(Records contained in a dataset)
lemma atMost_subset_if_pred_closed:
  assumes pred: "\<forall>u\<in>S. 0 < u \<and> u \<le> m \<longrightarrow> u - 1 \<in> S" and "v \<in> S" "v \<le> (m::nat)"
  shows "{..v} \<subseteq> S"
proof
  have down: "v - k \<in> S" for k
  proof (induction k)
    case (Suc k)
    show ?case
    proof (cases "v - k = 0")
      case False
      then have "v - k - 1 \<in> S" using pred Suc.IH \<open>v \<le> m\<close> by auto
      then show ?thesis by simp
    qed (use Suc.IH in simp)
  qed (use \<open>v \<in> S\<close> in simp)
  fix u assume "u \<in> {..v}"
  then have "u = v - (v - u)" by simp
  then show "u \<in> S" using down by metis
qed

lemma compress_eq_self:
  assumes x: "x \<in> homs n A" and A: "is_halg A"
    and no_gap: "\<forall>v\<in>x ` hcarrier A. 2 \<le> v \<and> v \<le> n - 2 \<longrightarrow> v - 1 \<in> x ` hcarrier A"
  shows "compress n A x = x"
proof
  fix a
  show "compress n A x a = x a"
  proof (cases "a \<in> hcarrier A \<and> x a \<noteq> n - 1")
    case True
    note bot_top_in_range(1)[OF x A]
    then have "\<forall>u\<in>x ` hcarrier A. 0 < u \<and> u \<le> n - 2 \<longrightarrow> u - 1 \<in> x ` hcarrier A"
    proof (intro ballI impI)
      fix u assume "u \<in> x ` hcarrier A" "0 < u \<and> u \<le> n - 2"
      then show "u - 1 \<in> x ` hcarrier A"
        using no_gap \<open>0 \<in> x ` hcarrier A\<close> by (cases "u = 1") auto
    qed
    moreover have "x a \<le> n - 2" using True homsD(2)[OF x, of a] by auto
    ultimately have "{..x a} \<subseteq> x ` hcarrier A"
      using True by (intro atMost_subset_if_pred_closed) auto
    then have "{u \<in> x ` hcarrier A. u < x a} = {..<x a}" by auto
    then show ?thesis using True unfolding compress_def by simp
  qed (use homsD(1)[OF x] in \<open>auto simp: compress_def extensional_def\<close>)
qed

text \<open>The witness is g_{v-1}(x), which lowers the value v to v - 1.\<close>

lemma sstep_fill_gap:
  assumes x: "x \<in> homs n A" and A: "is_halg A" and \<sigma>: "in_Sigma n \<sigma>"
    and v: "v \<in> x ` hcarrier A" "2 \<le> v" "v \<le> n - 2" "v - 1 \<notin> x ` hcarrier A"
  obtains y where "(x, y) \<in> sstep n A \<sigma>" "\<Sum>(y ` hcarrier A) < \<Sum>(x ` hcarrier A)"
proof -
  define \<phi> where "\<phi> k = (if k = v then v - 1 else k)" for k
  let ?y = "\<lambda>a\<in>hcarrier A. \<phi> (x a)"
  have "v - 1 \<in> {1..n-3}" "v - 1 + 1 = v" using v by auto
  moreover have "\<forall>a\<in>hcarrier A. x a \<noteq> v - 1" using v(4) by (metis imageI)
  ultimately have step: "(x, ?y) \<in> sstep n A \<sigma>"
    using sstep_gmap[OF x A \<sigma>, of "v - 1"] unfolding \<phi>_def by simp
  have "inj_on \<phi> (x ` hcarrier A)"
    using v(4) unfolding \<phi>_def inj_on_def by (auto simp: image_iff)
  then have "\<Sum>(?y ` hcarrier A) = (\<Sum>u\<in>x ` hcarrier A. \<phi> u)"
    by (simp add: sum.reindex image_image[symmetric])
  also have "\<dots> < \<Sum>(x ` hcarrier A)"
    using v finite_image_homs[OF x] unfolding \<phi>_def
    by (intro sum_strict_mono_ex1) (auto intro!: bexI[of _ v])
  finally show ?thesis using that step by blast
qed

lemma rtrancl_sstep_compress:
  assumes A: "is_halg A" and \<sigma>: "in_Sigma n \<sigma>"
  shows "x \<in> homs n A \<Longrightarrow> (x, compress n A x) \<in> (sstep n A \<sigma>)\<^sup>*"
proof (induction "\<Sum>(x ` hcarrier A)" arbitrary: x rule: less_induct)
  case less
  show ?case
  proof (cases "\<exists>v\<in>x ` hcarrier A. 2 \<le> v \<and> v \<le> n - 2 \<and> v - 1 \<notin> x ` hcarrier A")
    case True
    then obtain y where step: "(x, y) \<in> sstep n A \<sigma>"
      and smaller: "\<Sum>(y ` hcarrier A) < \<Sum>(x ` hcarrier A)"
      using sstep_fill_gap[OF less.prems A \<sigma>] by blast
    have y: "y \<in> homs n A" using step unfolding sstep_def by auto
    have "compress n A y = compress n A x"
      using compress_eq_if_same_order[OF y less.prems _ A] sstep_same_order[OF \<sigma> step]
        same_order_sym by blast
    then show ?thesis using less.hyps[OF smaller y] step by (metis converse_rtrancl_into_rtrancl)
  next
    case False
    then show ?thesis using compress_eq_self[OF less.prems A] by auto
  qed
qed
lemma jac_poly_flow:
  assumes "1 \<le> j" "j \<le> r + 2"
  shows "jac_poly r (n + 1) j =
    smult (flow_u r n (r + 3 - j)) (jac_poly r n j) + smult (1 - flow_u r n (r + 3 - j)) (jac_poly r n (j - 1))"
  using assms
proof (induction j rule: less_induct)
  case (less j)
  consider "j = 1" | "j = 2" | k where "j = k + 2" "1 \<le> k" "k \<le> r"
  proof -
    have "j = 1 \<or> j = 2 \<or> (j - 2 \<ge> 1 \<and> j - 2 \<le> r \<and> j = (j - 2) + 2)" using less.prems by linarith
    then show thesis using that by blast
  qed
  then show ?case
  proof cases
    case 1
    then show ?thesis using flow_u_top[of r n] by (simp add: numeral_3_eq_3)
  next
    case 2
    have "jac_a r (n + 1) (r + 1) = flow_u r n (r + 1) * jac_a r n (r + 1)"
      using flow_compat_a[of "r + 1" r n] flow_u_top[of r n] by simp
    then show ?thesis using 2 by (simp add: numeral_2_eq_2 numeral_3_eq_3 one_pCons algebra_simps)
  next
    case 3
    define a where "a = r + 1 - k"
    have a: "1 \<le> a" "a \<le> r" "r + 3 - j = a" using 3 by (auto simp: a_def)
    have ih1: "jac_poly r (n + 1) (Suc k) =
        smult (flow_u r n (a + 1)) (jac_poly r n (Suc k)) + smult (1 - flow_u r n (a + 1)) (jac_poly r n k)"
      using less.IH[of "Suc k"] 3 by (simp add: a_def Suc_diff_le)
    have ih2: "jac_poly r (n + 1) k =
        smult (flow_u r n (a + 2)) (jac_poly r n k) + smult (1 - flow_u r n (a + 2)) (jac_poly r n (k - 1))"
    proof -
      have "r + 3 - k = a + 2" using 3 by (simp add: a_def)
      then show ?thesis using less.IH[of k] 3 by simp
    qed
    have rec: "jac_poly r n (Suc k) = jac_poly r n k - smult (jac_a r n (a + 1)) (pCons 0 (jac_poly r n k))
        - smult (jac_b r n (a + 1)) (pCons 0 (jac_poly r n (k - 1)))"
      using 3 by (cases k) (simp_all add: a_def Suc_diff_le)
    have "jac_poly r (n + 1) (Suc k) - smult (jac_a r (n + 1) a) (pCons 0 (jac_poly r (n + 1) (Suc k)))
        - smult (jac_b r (n + 1) a) (pCons 0 (jac_poly r (n + 1) k)) =
        smult (flow_u r n a) (jac_poly r n (Suc k) - smult (jac_a r n a) (pCons 0 (jac_poly r n (Suc k)))
           - smult (jac_b r n a) (pCons 0 (jac_poly r n k))) + smult (1 - flow_u r n a) (jac_poly r n (Suc k))"
      using three_term_transport[OF rec ih1 ih2] flow_compat_b[OF a(1,2), of n]
        flow_compat_a[OF a(1), of r n] flow_compat_mixed[OF a(1,2), of n] by simp
    then show ?thesis using 3 a by simp
  qed
qed

text \<open>Since the flow coefficient at the bottom node is 1, Q_(r+2) is a conserved quantity.\<close>

lemma jac_poly_conserved: "jac_poly r n (r + 2) = jac_poly r 0 (r + 2)"
proof (induction n)
  case (Suc n)
  have "jac_poly r (n + 1) (r + 2) = jac_poly r n (r + 2)"
    using jac_poly_flow[of "r + 2" r n] flow_u_bottom[of r n] by simp
  then show ?case using Suc by simp
qed simp

fun chebP :: "nat \<Rightarrow> real poly" where
  "chebP 0 = 1"
| "chebP (Suc 0) = [:1, -1:]"
| "chebP (Suc (Suc m)) = chebP (Suc m) - pCons 0 (chebP (Suc m)) - pCons 0 (chebP m)"

text \<open>At time 0 all coefficients are 1 and the recurrence produces the P_m.\<close>

lemma jac_poly_initial: "j \<le> r + 1 \<Longrightarrow> jac_poly r 0 (Suc j) = chebP j"
proof (induction j rule: chebP.induct)
  case (3 m)
  have "jac_a r 0 (r + 1 - Suc m) = 1" "jac_b r 0 (r + 1 - Suc m) = 1"
    by (simp_all add: jac_a_def jac_b_def)
  then have "jac_poly r 0 (Suc (Suc (Suc m))) =
      jac_poly r 0 (Suc (Suc m)) - pCons 0 (jac_poly r 0 (Suc (Suc m))) - pCons 0 (jac_poly r 0 (Suc m))"
    by (subst jac_poly.simps(3)) simp
  then show ?case using 3 by (simp del: jac_poly.simps)
qed (simp_all add: jac_a_def one_pCons)

lemma jac_poly_top:
  assumes "1 \<le> r"
  shows "jac_poly r n (r + 1) = jac_poly r n (r + 2)
           + smult (Runit r 1 (n + 2) / Runit r 1 (n + 1)) (pCons 0 (jac_poly r (n + 1) (r + 1)))"
proof -
  have flow: "jac_poly r (n + 1) (r + 1) =
      smult (flow_u r n 2) (jac_poly r n (r + 1)) + smult (1 - flow_u r n 2) (jac_poly r n r)"
    using jac_poly_flow[of "r + 1" r n] assms by simp
  have rec: "jac_poly r n (r + 2) = jac_poly r n (r + 1) - smult (jac_a r n 1) (pCons 0 (jac_poly r n (r + 1)))
        - smult (jac_b r n 1) (pCons 0 (jac_poly r n r))"
    by (simp add: numeral_2_eq_2)
  have "jac_a r n 1 = Runit r 1 (n + 2) / Runit r 1 (n + 1) * flow_u r n 2"
    by (simp add: jac_a_def flow_u_def Runit_frozen field_simps power2_eq_square)
  moreover have "jac_b r n 1 = Runit r 1 (n + 2) / Runit r 1 (n + 1) * (1 - flow_u r n 2)"
    using one_minus_flow_u[of 2 r n] assms by (simp add: jac_b_def Runit_frozen field_simps numeral_2_eq_2)
  ultimately show ?thesis unfolding flow rec
    by (simp add: smult_add_right smult_diff_right algebra_simps)
qed

definition Ar_fps :: "nat \<Rightarrow> real fps" where
  "Ar_fps r = Abs_fps (\<lambda>i. Runit r 1 (i + 1))"

text \<open>Key formal identity: sum R_(1,n+1) t^n = P_r / P_(r+1).  The polynomials
  M_n = R_(1,n+1) Q_(r+1)^(n) satisfy M_n = R_(1,n+1) P_(r+1) + t M_(n+1), which telescopes
  coefficientwise.\<close>

lemma Ar_generating_fps:
  assumes "1 \<le> r"
  shows "Ar_fps r * fps_of_poly (chebP (r + 1)) = fps_of_poly (chebP r)"
proof -
  define M where "M n = smult (Runit r 1 (n + 1)) (jac_poly r n (r + 1))" for n
  have M_rec: "M n = smult (Runit r 1 (n + 1)) (chebP (r + 1)) + pCons 0 (M (n + 1))" for n
  proof -
    have "jac_poly r n (r + 2) = chebP (r + 1)"
      using jac_poly_conserved[of r n] jac_poly_initial[of "r + 1" r] by simp
    then show ?thesis using jac_poly_top[OF assms, of n]
      by (simp add: M_def smult_add_right del: jac_poly.simps)
  qed
  have M_coeff: "coeff (M n) j = (\<Sum>i\<le>j. Runit r 1 (n + i + 1) * coeff (chebP (r + 1)) (j - i))" for n j
  proof (induction j arbitrary: n)
    case 0
    then show ?case by (subst M_rec) simp
  next
    case (Suc j)
    have "coeff (M n) (Suc j) = Runit r 1 (n + 1) * coeff (chebP (r + 1)) (Suc j) + coeff (M (n + 1)) j"
      by (subst M_rec) simp
    also have "\<dots> = (\<Sum>i\<le>Suc j. Runit r 1 (n + i + 1) * coeff (chebP (r + 1)) (Suc j - i))"
      unfolding Suc.IH by (subst sum.atMost_Suc_shift) simp
    finally show ?case .
  qed
  have "M 0 = chebP r" using jac_poly_initial[of r r] by (simp add: M_def)
  then show ?thesis
    using M_coeff[of 0] by (intro fps_ext) (simp add: Ar_fps_def fps_mult_nth atLeast0AtMost)
qed

lemma fps_polynomial_ratio_sums:
  fixes C :: "real fps" and p q :: "real poly"
  assumes C: "C * fps_of_poly q = fps_of_poly p" and q0: "coeff q 0 \<noteq> 0"
  shows "\<exists>\<epsilon>>0. \<forall>t. \<bar>t\<bar> < \<epsilon> \<longrightarrow> (\<lambda>n. fps_nth C n * t ^ n) sums (poly p t / poly q t)"
proof -
  define Q where "Q = fps_of_poly q"
  have Q0: "fps_nth Q 0 \<noteq> 0" using q0 by (simp add: Q_def)
  have inv: "inverse Q * Q = 1" using Q0 by (rule inverse_mult_eq_1)
  have "C = fps_of_poly p * inverse Q"
    using C inv by (metis Q_def mult.assoc mult.commute mult_1_right)
  then have rad: "fps_conv_radius (inverse Q) \<le> fps_conv_radius C"
    using fps_conv_radius_mult[of "fps_of_poly p" "inverse Q"] by simp
  have "fps_conv_radius (inverse Q) > 0"
    using Q0 by (intro fps_conv_radius_inverse_pos) (simp_all add: Q_def)
  then obtain \<epsilon> where \<epsilon>: "0 < \<epsilon>" "ereal \<epsilon> < fps_conv_radius (inverse Q)"
    using ereal_dense2 by (fastforce simp: zero_ereal_def)
  have "(\<lambda>n. fps_nth C n * t ^ n) sums (poly p t / poly q t)" if t: "\<bar>t\<bar> < \<epsilon>" for t
  proof -
    have "ereal (norm t) < ereal \<epsilon>" using t by simp
    then have in_inv: "ereal (norm t) < fps_conv_radius (inverse Q)" using \<epsilon>(2) by (rule less_trans)
    then have in_C: "ereal (norm t) < fps_conv_radius C" using rad by (rule less_le_trans)
    have "eval_fps (inverse Q) t * poly q t = 1"
      using eval_fps_mult[OF in_inv, of Q] inv by (simp add: Q_def)
    then have nz: "poly q t \<noteq> 0" by auto
    have "eval_fps C t * poly q t = poly p t"
      using eval_fps_mult[OF in_C, of Q] C by (simp add: Q_def)
    then have "eval_fps C t = poly p t / poly q t" using nz by (simp add: field_simps)
    with sums_eval_fps[OF in_C] show ?thesis by simp
  qed
  with \<epsilon>(1) show ?thesis by blast
qed
lemma set_integral_Icc_ge:
  fixes g :: "real \<Rightarrow> real"
  assumes "integrable lborel g" "a \<le> b" "\<And>t. t \<in> {a..b} \<Longrightarrow> B \<le> g t"
  shows "(b - a) * B \<le> (LINT t:{a..b}|lborel. g t)"
proof -
  have "(LINT t:{a..b}|lborel. B) = (b - a) * B"
    using assms(2) by (simp add: set_integral_const)
  moreover have "set_integrable lborel {a..b} (\<lambda>_. B)"
    by (simp add: set_integrable_def integrable_indicator_iff emeasure_lborel_Icc_eq)
  then have "(LINT t:{a..b}|lborel. B) \<le> (LINT t:{a..b}|lborel. g t)"
    by (rule set_integral_mono[OF _ set_integrable_lborel[OF assms(1)]]) (use assms in auto)
  ultimately show ?thesis by simp
qed

lemma set_integral_nonneg:
  fixes g :: "real \<Rightarrow> real"
  assumes "\<And>t. 0 \<le> g t"
  shows "0 \<le> (LINT t:A|lborel. g t)"
  unfolding set_lebesgue_integral_def using assms
  by (intro Bochner_Integration.integral_nonneg) (simp split: split_indicator)

lemma set_integral_mono_lborel:
  fixes g h :: "real \<Rightarrow> real"
  assumes "integrable lborel g" "integrable lborel h" "\<And>t. g t \<le> h t" "S \<in> sets borel"
  shows "(LINT t:S|lborel. g t) \<le> (LINT t:S|lborel. h t)"
  using assms by (intro set_integral_mono set_integrable_lborel) auto

lemma set_integral_lborel_translate:
  fixes g :: "real \<Rightarrow> real"
  shows "(LINT t:S|lborel. g t) = (LINT t:(\<lambda>t. t + s) -` S|lborel. g (t + s))"
  unfolding set_lebesgue_integral_def
  using lborel_integral_real_affine[of 1 "\<lambda>t. indicator S t *\<^sub>R g t" s]
  by (simp add: indicator_def add.commute)

lemma cdf_add_tail:
  fixes g :: "real \<Rightarrow> real"
  assumes "integrable lborel g"
  shows "cdf g x + tail g x = integral\<^sup>L lborel g"
proof -
  have "cdf g x + tail g x = (LINT t:{..x} \<union> {x<..}|lborel. g t)"
    unfolding cdf_def tail_def
    by (rule set_integral_Un[symmetric]) (auto intro: set_integrable_lborel assms)
  also have "{..x} \<union> {x<..} = (UNIV :: real set)" by auto
  finally show ?thesis by (simp add: set_lebesgue_integral_def)
qed

lemma convex_on_secant_slope_mono:
  fixes f :: "real \<Rightarrow> real"
  assumes cvx: "convex_on UNIV f" and "p < q" "u < v" "p \<le> u" "q \<le> v"
  shows "(f q - f p) / (q - p) \<le> (f v - f u) / (v - u)"
proof -
  have slope_sym: "(f a - f b) / (a - b) = (f b - f a) / (b - a)" for a b
    by (metis minus_diff_eq minus_divide_divide)
  have "(f q - f p) / (q - p) \<le> (f v - f p) / (v - p)"
    using convex_on_slope_le(1)[OF cvx, of p v q] assms slope_sym
    by (cases "q = v") auto
  also have "\<dots> \<le> (f v - f u) / (v - u)"
    using convex_on_slope_le(2)[OF cvx, of p v u] assms slope_sym
    by (cases "p = u") auto
  finally show ?thesis .
qed

lemma convex_on_increment_mono:
  fixes f :: "real \<Rightarrow> real"
  assumes cvx: "convex_on UNIV f" and "t \<le> y" "0 \<le> s"
  shows "f (t + s) - f t \<le> f (y + s) - f y"
proof (cases "s = 0")
  case False
  then have "(f (t + s) - f t) / s \<le> (f (y + s) - f y) / s"
    using convex_on_secant_slope_mono[OF cvx, of t "t + s" y "y + s"] assms by simp
  then show ?thesis
    using assms False by (simp add: divide_right_mono_neg le_divide_eq)
qed simp

lemma integrable_nonneg_exists_less_right:
  fixes g :: "real \<Rightarrow> real"
  assumes int: "integrable lborel g" and nonneg: "\<And>t. 0 \<le> g t" and pos: "0 < g z"
  shows "\<exists>t>z. g t < g z"
proof (rule ccontr)
  assume "\<not> ?thesis"
  then have ge: "g z \<le> g t" if "z \<le> t" for t
    using that by (metis less_eq_real_def not_less)
  define n where "n = integral\<^sup>L lborel g / g z + 1"
  have "n * g z \<le> (LINT t:{z..z + n}|lborel. g t)"
    using set_integral_Icc_ge[OF int, of z "z + n" "g z"] ge pos nonneg
    by (simp add: n_def integral_nonneg)
  also have "\<dots> \<le> integral\<^sup>L lborel g"
    by (rule set_integral_le_integral[OF int nonneg]) simp
  finally show False
    using pos by (simp add: n_def distrib_right)
qed

lemma integrable_nonneg_exists_less_left:
  fixes g :: "real \<Rightarrow> real"
  assumes int: "integrable lborel g" and nonneg: "\<And>t. 0 \<le> g t" and pos: "0 < g z"
  shows "\<exists>t<z. g t < g z"
proof -
  have "integrable lborel (\<lambda>t. g (- t))"
    using lborel_integrable_real_affine[OF int, of "-1" 0] by simp
  from integrable_nonneg_exists_less_right[OF this, of "- z"] nonneg pos
  obtain t where "- z < t" "g (- t) < g z" by auto
  then show ?thesis by (intro exI[of _ "- t"]) auto
qed

lemma convex_set_integral_Icc_pos:
  fixes V :: "real \<Rightarrow> real"
  assumes cv: "convex_on UNIV V" and int: "integrable lborel (\<lambda>x. exp (- V x))" and "a < b"
  shows "0 < (LINT t:{a..b}|lborel. exp (- V t))"
proof -
  have "V t \<le> max (V a) (V b)" if "t \<in> {a..b}" for t
    using convex_on_le_max[OF convex_on_subset[OF cv], of a b t] that by auto
  then have "(b - a) * exp (- max (V a) (V b)) \<le> (LINT t:{a..b}|lborel. exp (- V t))"
    using assms by (intro set_integral_Icc_ge[OF int]) auto
  moreover have "0 < (b - a) * exp (- max (V a) (V b))"
    using assms by simp
  ultimately show ?thesis by linarith
qed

§ What is required
Please make an exact copy of the lines above from the line with "using Q0 by (intro" through the line with "using ereal_dense2 by", both ends included.

§ Task output
    using Q0 by (intro fps_conv_radius_inverse_pos) (simp_all add: Q_def)
  then obtain \<epsilon> where \<epsilon>: "0 < \<epsilon>" "ereal \<epsilon> < fps_conv_radius (inverse Q)"
    using ereal_dense2 by (fastforce simp: zero_ereal_def)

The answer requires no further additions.